Son zamanlardaki televizyon programları, böylesi kişilikler ve yapılarla dopdolu bir görüntü arzediyor. Her biri ayrı görüşe sahip üç beş konuşmacı, bir sunucunun moderatörlüğünde biraraya geliyor ve başlıyorlar birbirlerine veryansın etmeye. Aslında hepsinin haklı olduğu ya da haksız olduğu hususlar var. Haklılıklar ve haksızlıklar o kadar ayan beyan ortada ki;  kabul etmemek için çocuk olmak gerek. Ama dedim ya, defanslar o kadar güçlendirilmiş, ego duvarları o kadar yükseltilmiş ki, gözleri başka bir şey görmüyor. Bir sağırlar diyaloğu halinde süren bu tartışmalarda kimsenin kimseye tahammülü olmadığı için herkes bir ağızdan konuşuyor, daha ötesi karşılıklı bağırışıyor ve program bir sonuca bağlanmadan bitiyor. Oysa, ne olurdu eleştiriye, farklı görüşlere açık olabilselerdi. Herkes eleştirdiği hususu söyleyebilse, dinlemesi gerekenler, işi kavgaya dökmeden dinleyebilse, konular karşılıklı tartışılabilse ve herkesin yararına olabilecek mutabakatlar sağlanarak el sıkışıp ayrılınabilse.

***

80 küsur milyonun önünde yapılan bu sağırlar diyalogları, ne yazık ki sadece o tartışma programları ile sınırlı kalmıyor. Dalga dalga topluma sirayet ediyor, üçer, beşer kişilik sonuçsuz bağırışmalar, yüzleri, binleri, onbineri, yüzbinleri etkiliyor. İş birkaç kişilik psikolojik bir yapıyı aşıp sosyolojik bir olay haline geliyor. Giderek daha uzlaşmasız, giderek daha kavgacı bir topluma dönüşüyoruz. Meselelerimizi diyalogla, konuşarak çözmek yerine, bağırışarak, kavga ederek çözümsüzlüğe sürüklüyoruz.

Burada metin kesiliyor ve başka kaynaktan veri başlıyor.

(* Let $k$ be a positive integer. For every integer $n\ge1$, $$D_k^e(n)-D_k^o(n)=\begin{cases}(-1)^m, & \text{if } 1\le n=\tfrac12 m(3m\pm1)\le k-1 \text{ for some integer } m,\\ P_e^{(k)}(d,n)-P_o^{(k)}(d,n), & \text{if } k-1<n\le \tfrac12 k(k-1),\\ 0,&\text{otherwise.}\end{cases}$$
   Context: $D_k(n)$ is the number of partitions of $n$ into non-negative parts (the part $0$ is allowed) in which the smallest part appears exactly $k$ times and no other part is repeated. $D_k^e(n)$ (resp. $D_k^o(n)$) is the number of such partitions in which the number of parts greater than the smallest part is even (resp. odd). $P_e^{(k)}(d,n)$ (resp. $P_o^{(k)}(d,n)$) is the number of partitions of $n$ into an even (resp. odd) number of distinct positive parts, none exceeding $k-1$. *)

theory Defs
  imports Main "HOL-Library.Multiset"
begin

(* Partitions of n into non-negative parts (0 allowed), as multisets of naturals,
   in which the smallest part appears exactly k times and no other part is repeated. *)
definition D_parts :: "nat \<Rightarrow> nat \<Rightarrow> nat multiset set" where
  "D_parts k n = {p. p \<noteq> {#} \<and> sum_mset p = n
      \<and> count p (Min (set_mset p)) = k
      \<and> (\<forall>x \<in># p. x \<noteq> Min (set_mset p) \<longrightarrow> count p x = 1)}"

definition parts_above_min :: "nat multiset \<Rightarrow> nat" where
  "parts_above_min p = size (filter_mset (\<lambda>x. Min (set_mset p) < x) p)"

definition D_e :: "nat \<Rightarrow> nat \<Rightarrow> nat" where
  "D_e k n = card {p \<in> D_parts k n. even (parts_above_min p)}"

definition D_o :: "nat \<Rightarrow> nat \<Rightarrow> nat" where
  "D_o k n = card {p \<in> D_parts k n. odd (parts_above_min p)}"

definition P_e :: "nat \<Rightarrow> nat \<Rightarrow> nat" where
  "P_e k n = card {S. S \<subseteq> {1..k-1} \<and> \<Sum>S = n \<and> even (card S)}"

definition P_o :: "nat \<Rightarrow> nat \<Rightarrow> nat" where
  "P_o k n = card {S. S \<subseteq> {1..k-1} \<and> \<Sum>S = n \<and> odd (card S)}"

end

theory Submission
  imports Defs "HOL-Computational_Algebra.Formal_Power_Series"
begin
lemma sum_increments_before_le:
  assumes V: "\<And>P. is_partition T P \<Longrightarrow> psum T P (\<lambda>s t. \<bar>W t - W s\<bar> powr p) \<le> V"
    and "0 \<le> T" and F: "finite F" "F \<subseteq> {0<..T}"
    and h: "\<And>v. v \<in> F \<Longrightarrow> h < v" "\<And>v w. v \<in> F \<Longrightarrow> w \<in> F \<Longrightarrow> v \<noteq> w \<Longrightarrow> h < \<bar>v - w\<bar>" "0 < h"
  shows "(\<Sum>v\<in>F. \<bar>W v - W (v - h)\<bar> powr p) \<le> V"
proof -
  define P where "P = {0, T} \<union> F \<union> (\<lambda>v. v - h) ` F"
  have "v - h \<in> {0..T}" if "v \<in> F" for v
    using that F h(1) [OF that] h(3) by auto
  then have P: "is_partition T P"
    unfolding is_partition_def P_def using assms(2) F by auto
  have nxt_shift: "nxt P (v - h) = v" if v: "v \<in> F" for v
  proof (rule nxt_eqI)
    show "finite P" "v \<in> P" "v - h < v" using F v h(3) unfolding P_def by auto
    fix r assume r: "r \<in> P" "v - h < r"
    show "v \<le> r"
    proof (rule ccontr)
      assume "\<not> v \<le> r"
      then have near: "\<bar>v - r\<bar> < h" using r(2) by simp
      consider "r = 0" | "r = T" | "r \<in> F" | w where "w \<in> F" "r = w - h"
        using r(1) unfolding P_def by auto
      then show False
      proof cases
        case 1 then show False using near h(1) [OF v] by simp
      next
        case 2 then show False using \<open>\<not> v \<le> r\<close> v F by auto
      next
        case 3 then show False using near h(2) [OF v 3] \<open>\<not> v \<le> r\<close> by force
      next
        case 4 then show False using near h(2) [OF v 4(1)] \<open>\<not> v \<le> r\<close> r(2) by force
      qed
    qed
  qed
  have "(\<Sum>v\<in>F. \<bar>W v - W (v - h)\<bar> powr p) = (\<Sum>s\<in>(\<lambda>v. v - h) ` F. \<bar>W (nxt P s) - W s\<bar> powr p)"
    by (subst sum.reindex) (auto simp: inj_on_def nxt_shift intro!: sum.cong)
  also have "\<dots> \<le> (\<Sum>s\<in>P - {T}. \<bar>W (nxt P s) - W s\<bar> powr p)"
    using F h(3) by (intro sum_mono2) (auto simp: P_def)
  also have "\<dots> \<le> V" using V [OF P] unfolding psum_def .
  finally show ?thesis .
qed
(* Let $(E,\varepsilon)$ be a pointed set, $(\Omega,D)$ a recombination chromology and $b\in\Omega$ an element such that $(\Omega,D,FE_b^{\varepsilon})$ is a recombination scheme. Then for every sequence alignment $(\iota,T,\sigma)$ over $\mathbf{2}E_b^{\varepsilon}$, the functor $D_ET:\mathbf{Seg}(\Omega)\to\mathbf{Icm}$ is a $\mathcal{W}^{\mathrm{mon}}$-pedigrad for $(\Omega,D)$.
   Context: Segments and $\mathbf{Seg}(\Omega)$: for $n\ge1$, $[n]=\{1,\dots,n\}$, $[0]=\emptyset$. For a pre-ordered set $(\Omega,\preceq)$, a segment is $(t,c)$ with $t:[n_1]\to[n_0]$ an order-preserving surjection and $c:[n_0]\to\Omega$; a morphism $(t,c)\to(t',c')$ is $(f_1,f_0)$ with $f_1:[n_1]\to[n_1']$ order-preserving injective, $f_0:[n_0]\to[n_0']$ order-preserving, $t'f_1=f_0t$, $c'(f_0(i))\preceq c(i)$. $\mathbf{Seg}(\Omega\,|\,n)$: segments of domain $[n]$ and morphisms with $f_1=\mathrm{id}$. A recombination chromology $(\Omega,D)$: for each $n\ge0$ a finite set $D[n]$ of wide spans (finite families $\rho_i:\tau\to\theta(i)$, $i\in[k]$) in $\mathbf{Seg}(\Omega\,|\,n)$, called cones of $D$. Ic-monoids: $\mathbf{Icm}$ is the category of idempotent commutative monoids; $F:\mathbf{Set}\to\mathbf{Icm}$ is the free functor ($F(S)$ = finite subsets of $S$ under union), left adjoint to the forgetful functor; $F$ is applied to $\mathbf{Set}$-valued functors objectwise. Environment functors: $\mathsf{Tr}_b(t,c)=\{i\in[n_1]: b\preceq c(t(i))\}$. $E_b^{\varepsilon}:\mathbf{Seg}(\Omega)\to\mathbf{Set}$ sends $(t,c)$ to the set of functions $u:\mathsf{Tr}_b(t,c)\to E$ and a morphism $(f_1,f_0):(t,c)\to(t',c')$ to the map $u\mapsto u'$ where $u'(j)=u(i)$ if $j=f_1(i)$ with $i\in\mathsf{Tr}_b(t,c)$, and $u'(j)=\varepsilon$ otherwise. $\mathbf{2}E_b^{\varepsilon}=E_b^{\varepsilon}\times E_b^{\varepsilon}$ (objectwise product). Recombination congruences and monoids: for $X:\mathbf{Seg}(\Omega)\to\mathbf{Icm}$ and a cone $\rho$ of $D$ with apex $\upsilon$, $X[\rho]:X(\upsilon)\to\prod_iX(\theta(i))$ has components $X(\rho_i)$ and $\mathsf{prj}_1,\mathsf{prj}_2:G(X,\rho)\rightrightarrows X(\upsilon)$ is its kernel pair. $DX$ is the functor with $q_X:X(\tau)\to DX(\tau)$ the universal $\mathbf{Icm}$-morphism with $q_X\circ X(f)\circ\mathsf{prj}_1=q_X\circ X(f)\circ\mathsf{prj}_2$ for all cones $\rho$ of $D$ (apex $\upsilon$) and all $f:\upsilon\to\tau$, with $DX(g)$ induced by $X(g)$. An object $\sigma$ is irreducible for $(\Omega,D,X)$ if for all $f:\upsilon\to\sigma$ and all cones $\rho$ of $D$ with apex $\upsilon$, $X(f)\circ\mathsf{prj}_1=X(f)\circ\mathsf{prj}_2$. $(\Omega,D,X)$ is a recombination scheme if every codomain $\theta(i)$ of a leg of a cone of $D$ is irreducible for $(\Omega,D,X)$. Sequence alignment over $\mathbf{2}E_b^{\varepsilon}$: a triple $(\iota,T,\sigma)$ with $\iota:B\hookrightarrow\mathbf{Seg}(\Omega)$ the inclusion of a subcategory, $T:B\to\mathbf{Set}$ a functor and $\sigma:T\Rightarrow\mathbf{2}E_b^{\varepsilon}\circ\iota$ a natural monomorphism. $\mathsf{Lan}_\iota T$ is the left Kan extension of $T$ along $\iota$ and $\sigma^*:\mathsf{Lan}_\iota T\Rightarrow\mathbf{2}E_b^{\varepsilon}$ is the transpose of $\sigma$ under the adjunction $\mathsf{Lan}_\iota\dashv(-\circ\iota)$. $\mathsf{fml}:F\mathbf{2}E_b^{\varepsilon}\Rightarrow FE_b^{\varepsilon}$ has component at $\tau$ the unique $\mathbf{Icm}$-morphism sending each singleton $\{(u,v)\}$ to $\{u,v\}$. Set $\mathsf{rec}=q_{FE_b^{\varepsilon}}\circ\mathsf{fml}\circ F\sigma^*:F\mathsf{Lan}_\iota T\Rightarrow DFE_b^{\varepsilon}$, let $y_1,y_2$ be the pullback of $\mathsf{rec}$ along itself in $[\mathbf{Seg}(\Omega),\mathbf{Icm}]$, and let $r:F\mathsf{Lan}_\iota T\Rightarrow D_ET$ be the coequalizer of $(y_1,y_2)$ (computed objectwise). $\mathcal{W}^{\mathrm{mon}}$-pedigrad for $(\Omega,D)$: a functor $P:\mathbf{Seg}(\Omega)\to\mathbf{Icm}$ such that for every cone of $D$ with legs $\rho_i:\tau\to\theta(i)$, $i\in[k]$, the induced map $P(\tau)\to\prod_{i\in[k]}P(\theta(i))$ is a monomorphism in $\mathbf{Icm}$. *)

theory Defs
  imports Main "HOL-Library.FuncSet"
begin

section \<open>Segments and the category Seg(Omega)\<close>

text \<open>[n] = {1..n} is encoded 0-based as {0..<n}.  A segment (t,c) with
  t : [n1] -> [n0], c : [n0] -> Omega is encoded by the lists
  t = [t(1),...,t(n1)] (values shifted by -1) and c = [c(1),...,c(n0)].\<close>

type_synonym 'o seg = "nat list \<times> 'o list"
type_synonym 'o smor = "'o seg \<times> 'o seg \<times> nat list \<times> nat list"

definition is_seg :: "'o seg \<Rightarrow> bool" where
  "is_seg s \<longleftrightarrow> sorted (fst s) \<and> set (fst s) = {0..<length (snd s)}"

definition msrc :: "'o smor \<Rightarrow> 'o seg" where "msrc m = fst m"
definition mtgt :: "'o smor \<Rightarrow> 'o seg" where "mtgt m = fst (snd m)"
definition mf1 :: "'o smor \<Rightarrow> nat list" where "mf1 m = fst (snd (snd m))"
definition mf0 :: "'o smor \<Rightarrow> nat list" where "mf0 m = snd (snd (snd m))"

definition is_mor :: "('o::preorder) smor \<Rightarrow> bool" where
  "is_mor m \<longleftrightarrow> (case m of (s, s', f1, f0) \<Rightarrow>
     is_seg s \<and> is_seg s' \<and>
     length f1 = length (fst s) \<and> length f0 = length (snd s) \<and>
     sorted_wrt (<) f1 \<and> set f1 \<subseteq> {0..<length (fst s')} \<and>
     sorted f0 \<and> set f0 \<subseteq> {0..<length (snd s')} \<and>
     (\<forall>i<length f1. fst s' ! (f1 ! i) = f0 ! (fst s ! i)) \<and>
     (\<forall>i<length f0. snd s' ! (f0 ! i) \<le> snd s ! i))"

definition mcomp :: "'o smor \<Rightarrow> 'o smor \<Rightarrow> 'o smor" where
  "mcomp g f = (msrc f, mtgt g, map (\<lambda>i. mf1 g ! i) (mf1 f), map (\<lambda>i. mf0 g ! i) (mf0 f))"

definition mid :: "'o seg \<Rightarrow> 'o smor" where
  "mid s = (s, s, [0..<length (fst s)], [0..<length (snd s)])"

definition Tr :: "('o::preorder) \<Rightarrow> 'o seg \<Rightarrow> nat set" where
  "Tr b s = {i. i < length (fst s) \<and> b \<le> snd s ! (fst s ! i)}"

definition Env :: "('o::preorder) \<Rightarrow> 'o seg \<Rightarrow> (nat \<Rightarrow> 'e) set" where
  "Env b s = (Tr b s \<rightarrow>\<^sub>E (UNIV :: 'e set))"

definition env_map :: "('o::preorder) \<Rightarrow> 'e \<Rightarrow> 'o smor \<Rightarrow> (nat \<Rightarrow> 'e) \<Rightarrow> (nat \<Rightarrow> 'e)" where
  "env_map b \<epsilon> m u = (\<lambda>j. if j \<in> Tr b (mtgt m) then
       (if \<exists>i\<in>Tr b (msrc m). mf1 m ! i = j
        then u (SOME i. i \<in> Tr b (msrc m) \<and> mf1 m ! i = j) else \<epsilon>)
     else undefined)"

definition twoE_map :: "('o::preorder) \<Rightarrow> 'e \<Rightarrow> 'o smor \<Rightarrow>
    (nat \<Rightarrow> 'e) \<times> (nat \<Rightarrow> 'e) \<Rightarrow> (nat \<Rightarrow> 'e) \<times> (nat \<Rightarrow> 'e)" where
  "twoE_map b \<epsilon> m p = (env_map b \<epsilon> m (fst p), env_map b \<epsilon> m (snd p))"

section \<open>Free ic-monoids (finite subsets under union)\<close>

definition FinPow :: "'a set \<Rightarrow> 'a set set" where
  "FinPow S = {A. finite A \<and> A \<subseteq> S}"

definition FE_ob :: "('o::preorder) \<Rightarrow> 'o seg \<Rightarrow> (nat \<Rightarrow> 'e) set set" where
  "FE_ob b s = FinPow (Env b s)"

definition FE_map :: "('o::preorder) \<Rightarrow> 'e \<Rightarrow> 'o smor \<Rightarrow> (nat \<Rightarrow> 'e) set \<Rightarrow> (nat \<Rightarrow> 'e) set" where
  "FE_map b \<epsilon> m A = env_map b \<epsilon> m ` A"

inductive_set ucong :: "'a set set \<Rightarrow> ('a set \<times> 'a set) set \<Rightarrow> ('a set \<times> 'a set) set"
  for S R where
  gen: "(x, y) \<in> R \<Longrightarrow> x \<in> S \<Longrightarrow> y \<in> S \<Longrightarrow> (x, y) \<in> ucong S R"
| refl: "x \<in> S \<Longrightarrow> (x, x) \<in> ucong S R"
| sym: "(x, y) \<in> ucong S R \<Longrightarrow> (y, x) \<in> ucong S R"
| trans: "(x, y) \<in> ucong S R \<Longrightarrow> (y, z) \<in> ucong S R \<Longrightarrow> (x, z) \<in> ucong S R"
| union: "(x, y) \<in> ucong S R \<Longrightarrow> (x', y') \<in> ucong S R \<Longrightarrow> (x \<union> x', y \<union> y') \<in> ucong S R"
definition hopf_alg :: "(complex \<Rightarrow> 'x::ring_1 \<Rightarrow> 'x) \<Rightarrow> ('x \<Rightarrow> ('x \<times> 'x) list)
    \<Rightarrow> ('x \<Rightarrow> complex) \<Rightarrow> ('x \<Rightarrow> 'x) \<Rightarrow> bool" where
  "hopf_alg sm cop eps S \<longleftrightarrow>
     is_alg sm \<and>
     \<comment> \<open>coproduct linear\<close>
     (\<forall>x y. teq2 sm sm (cop (x + y)) (cop x @ cop y)) \<and>
     (\<forall>c x. teq2 sm sm (cop (sm c x)) (map (\<lambda>(a, b). (sm c a, b)) (cop x))) \<and>
     \<comment> \<open>coassociativity\<close>
     (\<forall>h. teq3 sm (cop2L cop h) (cop2R cop h)) \<and>
     \<comment> \<open>counit\<close>
     lin_fun sm eps \<and>
     (\<forall>h. tsum2 (\<lambda>a b. sm (eps a) b) (cop h) = h) \<and>
     (\<forall>h. tsum2 (\<lambda>a b. sm (eps b) a) (cop h) = h) \<and>
     \<comment> \<open>coproduct and counit are algebra maps\<close>
     (\<forall>x y. teq2 sm sm (cop (x * y))
        (concat (map (\<lambda>(a, b). map (\<lambda>(c, d). (a * c, b * d)) (cop y)) (cop x)))) \<and>
     teq2 sm sm (cop 1) [(1, 1)] \<and>
     (\<forall>x y. eps (x * y) = eps x * eps y) \<and> eps 1 = 1 \<and>
     \<comment> \<open>antipode\<close>
     lin_map sm sm S \<and>
     (\<forall>h. tsum2 (\<lambda>a b. S a * b) (cop h) = sm (eps h) 1) \<and>
     (\<forall>h. tsum2 (\<lambda>a b. a * S b) (cop h) = sm (eps h) 1) \<and>
     bij S"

İşin komik tarafı da şu: Üç aşağı beş yukarı konuşmacılar belli hangi kanalı açarsanız bunlardan müteşekkil bir heyetle karşı karşıya geliyorsunuz. Bu nedenle hangisinin hangi konuda ne diyeceğini de yine üç aşağı beş yukarı biliyoruz. Dolayısı ile artık kimlerin olduğunu görüp başka bir programa, ama genellikle istediğiniz filmi, showu, belgeseli seçip seyredebildiğimiz platformlara geçiyoruz.

Sonuçta bence, TV'lerdeki tartışma programlarının önce konuklarının değiştirilmesi ve ardından formatlarının yeniden düzenlenmesi gerek. Hem konunun gerçek uzmanlarınca değerlendirilebilmesi, hem tartışılan konuyu daha iyi anlayabilmemiz hem de toplumsal sağlığımızın devamı için kavga kültürüne doğru sürüklenen bu gidişe dur deyip, eleştiriye açık, tartışma ve uzlaşma kültürüne sahip konuklar davet edilerek bu kültürün siyasete rağmen  tekrar inşa edilmesi gerek.